#### WORK REQUEST:
Pick out all lines of the entries that include the word "assms" and copy them.

#### INPUT FOR THIS TASK:
=== Begin Enclosure ===

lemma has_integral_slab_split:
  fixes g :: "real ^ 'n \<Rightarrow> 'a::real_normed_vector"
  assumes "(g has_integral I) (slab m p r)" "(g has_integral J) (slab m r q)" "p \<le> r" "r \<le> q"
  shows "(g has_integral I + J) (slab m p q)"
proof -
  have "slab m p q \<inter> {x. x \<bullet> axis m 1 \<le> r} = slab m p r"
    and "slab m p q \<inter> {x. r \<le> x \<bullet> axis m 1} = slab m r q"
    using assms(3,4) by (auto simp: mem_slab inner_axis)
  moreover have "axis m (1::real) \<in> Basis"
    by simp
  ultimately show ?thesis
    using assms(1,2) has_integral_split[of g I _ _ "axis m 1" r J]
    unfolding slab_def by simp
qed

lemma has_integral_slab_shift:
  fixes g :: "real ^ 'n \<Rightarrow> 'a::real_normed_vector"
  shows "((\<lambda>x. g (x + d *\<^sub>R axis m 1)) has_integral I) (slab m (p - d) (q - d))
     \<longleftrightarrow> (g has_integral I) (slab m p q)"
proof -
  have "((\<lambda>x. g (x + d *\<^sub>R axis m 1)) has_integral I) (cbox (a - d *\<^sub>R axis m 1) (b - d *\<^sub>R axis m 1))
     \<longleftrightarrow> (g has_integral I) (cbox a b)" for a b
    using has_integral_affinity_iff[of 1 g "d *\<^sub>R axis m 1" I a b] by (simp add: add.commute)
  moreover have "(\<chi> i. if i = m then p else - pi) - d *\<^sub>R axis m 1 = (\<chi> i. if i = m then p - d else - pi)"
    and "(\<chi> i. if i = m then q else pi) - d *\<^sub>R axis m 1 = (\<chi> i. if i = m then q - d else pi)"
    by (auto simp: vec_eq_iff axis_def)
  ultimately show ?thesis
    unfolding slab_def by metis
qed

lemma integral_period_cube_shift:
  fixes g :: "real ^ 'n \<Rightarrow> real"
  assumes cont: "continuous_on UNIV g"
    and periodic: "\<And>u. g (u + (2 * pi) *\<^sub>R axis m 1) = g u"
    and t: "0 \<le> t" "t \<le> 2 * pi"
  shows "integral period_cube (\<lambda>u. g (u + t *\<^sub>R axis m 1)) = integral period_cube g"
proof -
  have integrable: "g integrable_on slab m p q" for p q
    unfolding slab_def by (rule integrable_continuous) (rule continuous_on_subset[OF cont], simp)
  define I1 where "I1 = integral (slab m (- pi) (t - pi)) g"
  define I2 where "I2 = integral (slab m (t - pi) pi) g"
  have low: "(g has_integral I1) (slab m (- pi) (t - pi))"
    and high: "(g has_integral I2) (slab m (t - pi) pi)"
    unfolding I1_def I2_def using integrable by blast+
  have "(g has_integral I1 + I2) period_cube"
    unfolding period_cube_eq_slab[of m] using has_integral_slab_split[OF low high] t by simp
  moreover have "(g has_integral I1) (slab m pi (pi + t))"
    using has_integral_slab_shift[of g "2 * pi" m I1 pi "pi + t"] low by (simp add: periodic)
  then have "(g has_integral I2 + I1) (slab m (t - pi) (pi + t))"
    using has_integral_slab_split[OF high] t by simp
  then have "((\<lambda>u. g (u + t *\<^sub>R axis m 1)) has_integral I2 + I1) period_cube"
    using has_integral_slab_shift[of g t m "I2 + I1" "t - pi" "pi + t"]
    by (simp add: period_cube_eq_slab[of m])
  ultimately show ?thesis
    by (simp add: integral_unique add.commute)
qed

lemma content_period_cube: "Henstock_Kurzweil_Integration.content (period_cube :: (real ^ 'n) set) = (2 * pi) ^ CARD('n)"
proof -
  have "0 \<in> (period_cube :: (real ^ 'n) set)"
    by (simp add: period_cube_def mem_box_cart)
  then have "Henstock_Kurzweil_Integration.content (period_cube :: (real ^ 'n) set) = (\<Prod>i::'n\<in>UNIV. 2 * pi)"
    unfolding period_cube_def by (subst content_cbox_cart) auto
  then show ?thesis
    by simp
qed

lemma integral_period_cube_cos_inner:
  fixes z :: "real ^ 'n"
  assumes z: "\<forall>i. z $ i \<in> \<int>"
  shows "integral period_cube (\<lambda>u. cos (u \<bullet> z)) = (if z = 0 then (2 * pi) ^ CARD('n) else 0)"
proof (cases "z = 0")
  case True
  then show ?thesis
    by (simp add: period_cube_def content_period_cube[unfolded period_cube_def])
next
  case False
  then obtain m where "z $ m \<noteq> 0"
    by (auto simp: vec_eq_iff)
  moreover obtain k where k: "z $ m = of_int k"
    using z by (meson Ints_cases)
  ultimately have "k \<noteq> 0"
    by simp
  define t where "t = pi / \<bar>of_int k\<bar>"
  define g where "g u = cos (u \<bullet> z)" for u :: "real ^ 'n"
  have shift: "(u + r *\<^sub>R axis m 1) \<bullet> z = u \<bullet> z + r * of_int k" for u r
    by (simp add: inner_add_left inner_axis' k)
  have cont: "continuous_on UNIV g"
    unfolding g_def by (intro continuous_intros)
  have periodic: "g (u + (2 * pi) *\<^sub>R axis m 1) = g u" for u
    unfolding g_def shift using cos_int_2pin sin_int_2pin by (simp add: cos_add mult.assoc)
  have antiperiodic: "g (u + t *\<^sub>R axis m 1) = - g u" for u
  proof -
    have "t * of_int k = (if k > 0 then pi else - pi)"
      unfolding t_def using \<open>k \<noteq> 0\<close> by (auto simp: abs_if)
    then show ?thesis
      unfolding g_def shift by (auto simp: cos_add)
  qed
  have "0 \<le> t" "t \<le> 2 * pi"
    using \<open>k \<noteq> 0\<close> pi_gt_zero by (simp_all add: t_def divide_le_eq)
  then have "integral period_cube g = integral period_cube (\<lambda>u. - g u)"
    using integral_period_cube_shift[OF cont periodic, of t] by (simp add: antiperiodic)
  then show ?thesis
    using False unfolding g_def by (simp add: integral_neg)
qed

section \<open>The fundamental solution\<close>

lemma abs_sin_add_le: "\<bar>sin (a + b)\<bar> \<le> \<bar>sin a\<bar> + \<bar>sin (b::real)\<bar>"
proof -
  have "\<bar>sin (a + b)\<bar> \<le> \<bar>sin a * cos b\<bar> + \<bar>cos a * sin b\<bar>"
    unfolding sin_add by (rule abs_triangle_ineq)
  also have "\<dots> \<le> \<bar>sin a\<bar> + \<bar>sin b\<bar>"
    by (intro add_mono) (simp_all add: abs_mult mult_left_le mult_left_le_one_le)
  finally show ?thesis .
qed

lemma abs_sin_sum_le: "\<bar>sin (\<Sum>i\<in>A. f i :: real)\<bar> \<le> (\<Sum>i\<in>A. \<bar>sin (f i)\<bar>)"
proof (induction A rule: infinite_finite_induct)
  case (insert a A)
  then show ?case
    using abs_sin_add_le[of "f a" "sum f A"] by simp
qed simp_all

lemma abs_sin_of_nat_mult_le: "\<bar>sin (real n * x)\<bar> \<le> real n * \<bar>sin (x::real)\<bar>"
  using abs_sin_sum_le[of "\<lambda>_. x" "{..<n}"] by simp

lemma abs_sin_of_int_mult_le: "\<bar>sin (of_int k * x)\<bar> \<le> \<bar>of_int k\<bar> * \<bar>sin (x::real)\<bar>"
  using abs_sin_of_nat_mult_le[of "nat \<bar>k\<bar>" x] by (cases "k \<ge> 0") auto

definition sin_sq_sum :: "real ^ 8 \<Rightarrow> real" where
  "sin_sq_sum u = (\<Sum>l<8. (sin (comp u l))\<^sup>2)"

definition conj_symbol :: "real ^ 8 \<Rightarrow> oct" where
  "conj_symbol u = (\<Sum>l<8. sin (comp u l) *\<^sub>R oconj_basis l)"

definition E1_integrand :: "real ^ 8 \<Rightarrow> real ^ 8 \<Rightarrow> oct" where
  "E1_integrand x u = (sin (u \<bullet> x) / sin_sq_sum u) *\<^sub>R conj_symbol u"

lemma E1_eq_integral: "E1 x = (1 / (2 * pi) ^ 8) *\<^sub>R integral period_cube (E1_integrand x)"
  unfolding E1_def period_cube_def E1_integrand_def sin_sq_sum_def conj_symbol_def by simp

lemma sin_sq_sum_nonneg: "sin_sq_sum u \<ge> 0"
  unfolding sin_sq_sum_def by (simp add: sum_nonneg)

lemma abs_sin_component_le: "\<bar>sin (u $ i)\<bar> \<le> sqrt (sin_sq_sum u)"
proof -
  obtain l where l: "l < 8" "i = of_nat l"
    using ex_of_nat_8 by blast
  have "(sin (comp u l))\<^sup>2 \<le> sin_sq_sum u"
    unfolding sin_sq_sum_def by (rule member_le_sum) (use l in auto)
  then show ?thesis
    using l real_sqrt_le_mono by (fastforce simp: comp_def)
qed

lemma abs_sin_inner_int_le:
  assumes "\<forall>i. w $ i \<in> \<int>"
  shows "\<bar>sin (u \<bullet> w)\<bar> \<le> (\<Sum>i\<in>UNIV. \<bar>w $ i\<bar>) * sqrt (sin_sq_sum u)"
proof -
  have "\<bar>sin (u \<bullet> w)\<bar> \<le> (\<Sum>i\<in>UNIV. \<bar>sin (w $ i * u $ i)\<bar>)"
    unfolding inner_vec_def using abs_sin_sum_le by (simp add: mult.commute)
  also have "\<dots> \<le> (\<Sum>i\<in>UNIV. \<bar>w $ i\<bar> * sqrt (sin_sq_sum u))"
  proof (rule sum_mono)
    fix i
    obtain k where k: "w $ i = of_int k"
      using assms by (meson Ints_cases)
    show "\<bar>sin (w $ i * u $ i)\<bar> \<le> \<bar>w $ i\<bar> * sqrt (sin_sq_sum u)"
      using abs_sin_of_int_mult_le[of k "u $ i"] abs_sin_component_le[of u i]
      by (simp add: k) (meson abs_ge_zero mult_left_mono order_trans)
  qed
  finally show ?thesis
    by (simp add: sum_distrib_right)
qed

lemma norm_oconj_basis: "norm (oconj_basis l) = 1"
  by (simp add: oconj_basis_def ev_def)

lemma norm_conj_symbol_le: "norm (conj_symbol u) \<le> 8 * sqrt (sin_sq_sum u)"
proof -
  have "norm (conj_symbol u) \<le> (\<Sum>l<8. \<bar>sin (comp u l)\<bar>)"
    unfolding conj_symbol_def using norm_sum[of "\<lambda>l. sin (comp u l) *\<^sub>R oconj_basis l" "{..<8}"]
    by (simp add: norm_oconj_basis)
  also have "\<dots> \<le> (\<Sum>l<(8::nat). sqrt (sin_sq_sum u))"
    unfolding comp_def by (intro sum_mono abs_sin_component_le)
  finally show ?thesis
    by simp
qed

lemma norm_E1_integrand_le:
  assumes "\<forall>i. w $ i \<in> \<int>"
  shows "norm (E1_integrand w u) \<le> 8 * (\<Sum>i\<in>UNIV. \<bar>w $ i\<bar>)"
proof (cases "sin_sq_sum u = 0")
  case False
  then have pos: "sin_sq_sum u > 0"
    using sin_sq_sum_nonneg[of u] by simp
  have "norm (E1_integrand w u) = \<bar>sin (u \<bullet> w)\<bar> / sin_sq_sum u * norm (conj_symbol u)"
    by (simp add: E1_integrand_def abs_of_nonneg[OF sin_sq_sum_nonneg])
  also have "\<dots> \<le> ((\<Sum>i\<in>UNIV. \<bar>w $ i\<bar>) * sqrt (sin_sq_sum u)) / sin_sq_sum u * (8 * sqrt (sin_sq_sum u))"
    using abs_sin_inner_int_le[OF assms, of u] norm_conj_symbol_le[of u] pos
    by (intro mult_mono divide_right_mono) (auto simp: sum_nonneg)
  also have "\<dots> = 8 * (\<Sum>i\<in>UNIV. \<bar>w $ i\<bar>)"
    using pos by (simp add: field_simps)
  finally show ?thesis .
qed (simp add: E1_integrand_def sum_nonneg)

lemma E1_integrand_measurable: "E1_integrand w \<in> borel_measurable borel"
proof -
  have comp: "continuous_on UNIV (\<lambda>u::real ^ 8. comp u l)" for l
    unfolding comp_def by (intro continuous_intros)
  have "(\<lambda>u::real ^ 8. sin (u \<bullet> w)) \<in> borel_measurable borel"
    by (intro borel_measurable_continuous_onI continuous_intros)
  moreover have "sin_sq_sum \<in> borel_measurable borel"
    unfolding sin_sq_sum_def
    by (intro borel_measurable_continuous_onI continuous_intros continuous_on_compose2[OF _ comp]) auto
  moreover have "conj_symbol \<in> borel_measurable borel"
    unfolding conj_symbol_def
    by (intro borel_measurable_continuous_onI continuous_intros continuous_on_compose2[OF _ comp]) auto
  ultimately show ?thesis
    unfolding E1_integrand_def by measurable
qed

=== End Enclosure ===

#### TASK RESPONSE:
    using assms(3,4) by (auto simp: mem_slab inner_axis)
    using assms(1,2) has_integral_split[of g I _ _ "axis m 1" r J]
      using assms by (meson Ints_cases)
    using abs_sin_inner_int_le[OF assms, of u] norm_conj_symbol_le[of u] pos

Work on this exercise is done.